Are the fears justified? Probably not. Investments in technical staff and a shift to a new cloud computing platform for hosting websites and applications -- built on open-source technology called OpenStack -- offer the hope of luring larger clients with more expansive needs. Or at least that's how management put it during a conference call with analysts. In a follow-up interview, Chief Financial Officer Karl Pichler described OpenStack as the key to returning margins to 2011 levels before year's end.
But that's only if demand for advanced tech services holds up as the year progresses; Cisco Systems (NAS: CSCO) chief executive John Chambers isn't so sure that will be the case. In commenting on the networking giant's fourth-quarter outlook, Chambers this week referred to "cautious IT spending, especially in enterprise accounts."

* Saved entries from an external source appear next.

(* Let $G$ be a compact, connected Lie group whose Lie algebra is simple, and let $(\pi,V)$ be an irreducible representation of $G$ on a finite-dimensional real vector space $V$. Fix $v\in V$ and let $f\colon G\to V$ be $f(x)=\pi(x)v$. Suppose $x_1,\ldots,x_n\in G$ are such that the convex hull of $f(x_1),\ldots,f(x_n)$ contains $0$ as an interior point. Then \[df_{x_1}T_{x_1}(G)+df_{x_2}T_{x_2}(G)+\cdots+df_{x_n}T_{x_n}(G)=V.\]
   Context: Here $df_x\colon T_x(G)\to V$ is the differential of $f$ at $x$. *)

theory Defs
  imports "HOL-Analysis.Analysis" "HOL-Library.Set_Algebras"
begin

text \<open>Compact Lie groups are realised as compact subgroups of GL(n,R)
  (closed, hence embedded Lie subgroups).\<close>

definition matrix_group :: "(real^'n^'n) set \<Rightarrow> bool" where
  "matrix_group G \<longleftrightarrow> G \<subseteq> {A. invertible A} \<and> mat 1 \<in> G
     \<and> (\<forall>A\<in>G. \<forall>B\<in>G. A ** B \<in> G) \<and> (\<forall>A\<in>G. matrix_inv A \<in> G)"

definition tangent_space :: "(real^'n^'n) set \<Rightarrow> real^'n^'n \<Rightarrow> (real^'n^'n) set" where
  "tangent_space G x = {X. \<exists>\<gamma>. (\<forall>t. \<gamma> t \<in> G) \<and> \<gamma> 0 = x \<and> (\<gamma> has_vector_derivative X) (at 0)}"

definition lie_algebra :: "(real^'n^'n) set \<Rightarrow> (real^'n^'n) set" where
  "lie_algebra G = tangent_space G (mat 1)"

definition lie_bracket :: "real^'n^'n \<Rightarrow> real^'n^'n \<Rightarrow> real^'n^'n" where
  "lie_bracket X Y = X ** Y - Y ** X"

definition lie_ideal :: "(real^'n^'n) set \<Rightarrow> (real^'n^'n) set \<Rightarrow> bool" where
  "lie_ideal L I \<longleftrightarrow> subspace I \<and> I \<subseteq> L \<and> (\<forall>X\<in>L. \<forall>Y\<in>I. lie_bracket X Y \<in> I)"

definition simple_lie_algebra :: "(real^'n^'n) set \<Rightarrow> bool" where
  "simple_lie_algebra L \<longleftrightarrow> (\<exists>X\<in>L. \<exists>Y\<in>L. lie_bracket X Y \<noteq> 0)
     \<and> (\<forall>I. lie_ideal L I \<longrightarrow> I = {0} \<or> I = L)"

definition representation :: "(real^'n^'n) set \<Rightarrow> (real^'n^'n \<Rightarrow> 'v::euclidean_space \<Rightarrow> 'v) \<Rightarrow> bool" where
  "representation G \<pi> \<longleftrightarrow> (\<forall>x\<in>G. linear (\<pi> x)) \<and> \<pi> (mat 1) = id
     \<and> (\<forall>x\<in>G. \<forall>y\<in>G. \<pi> (x ** y) = \<pi> x \<circ> \<pi> y)
     \<and> (\<forall>v. continuous_on G (\<lambda>x. \<pi> x v))"

definition irreducible_rep :: "(real^'n^'n) set \<Rightarrow> (real^'n^'n \<Rightarrow> 'v::euclidean_space \<Rightarrow> 'v) \<Rightarrow> bool" where
  "irreducible_rep G \<pi> \<longleftrightarrow> representation G \<pi> \<and>
     (\<forall>W. subspace W \<and> (\<forall>x\<in>G. \<pi> x ` W \<subseteq> W) \<longrightarrow> W = {0} \<or> W = UNIV)"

More than a few investors took that to mean salesforce.com could come in light when it reports fiscal first-quarter earnings next week. Analysts at William Blair exacerbated fears by reporting that its channel checks showed the company was coming in short of Q1 targets in terms of U.S. sales. The stock has suffered a substantial haircut in the days since. Yet that may be good news. Expectations are now lower, which makes further selling in the wake of the report less likely.
Either way, my advice is to remain focused on CEO Marc Benioff's long-term goal to build a $10 billion business. Last quarter, his team took a big step with a large sale to Hewlett-Packard (NYS: HPQ) . Evidence of further megadeals should give bullish investors the confidence needed to stay invested.
The week that was
Make that two weeks of market losses. The Dow Jones Industrial Average (INDEX: ^DJI) finished its worst week of the year Friday, leading the indexes down with a 1.67% decline, and is now up just 4.94% year-to-date. The S&P 500 also gave back more than 1%, closing down 1.15% for the week, while the Nasdaq fell 0.76%. The small-cap Russell 2000 held up best with a 0.23% drop, CNBC reports.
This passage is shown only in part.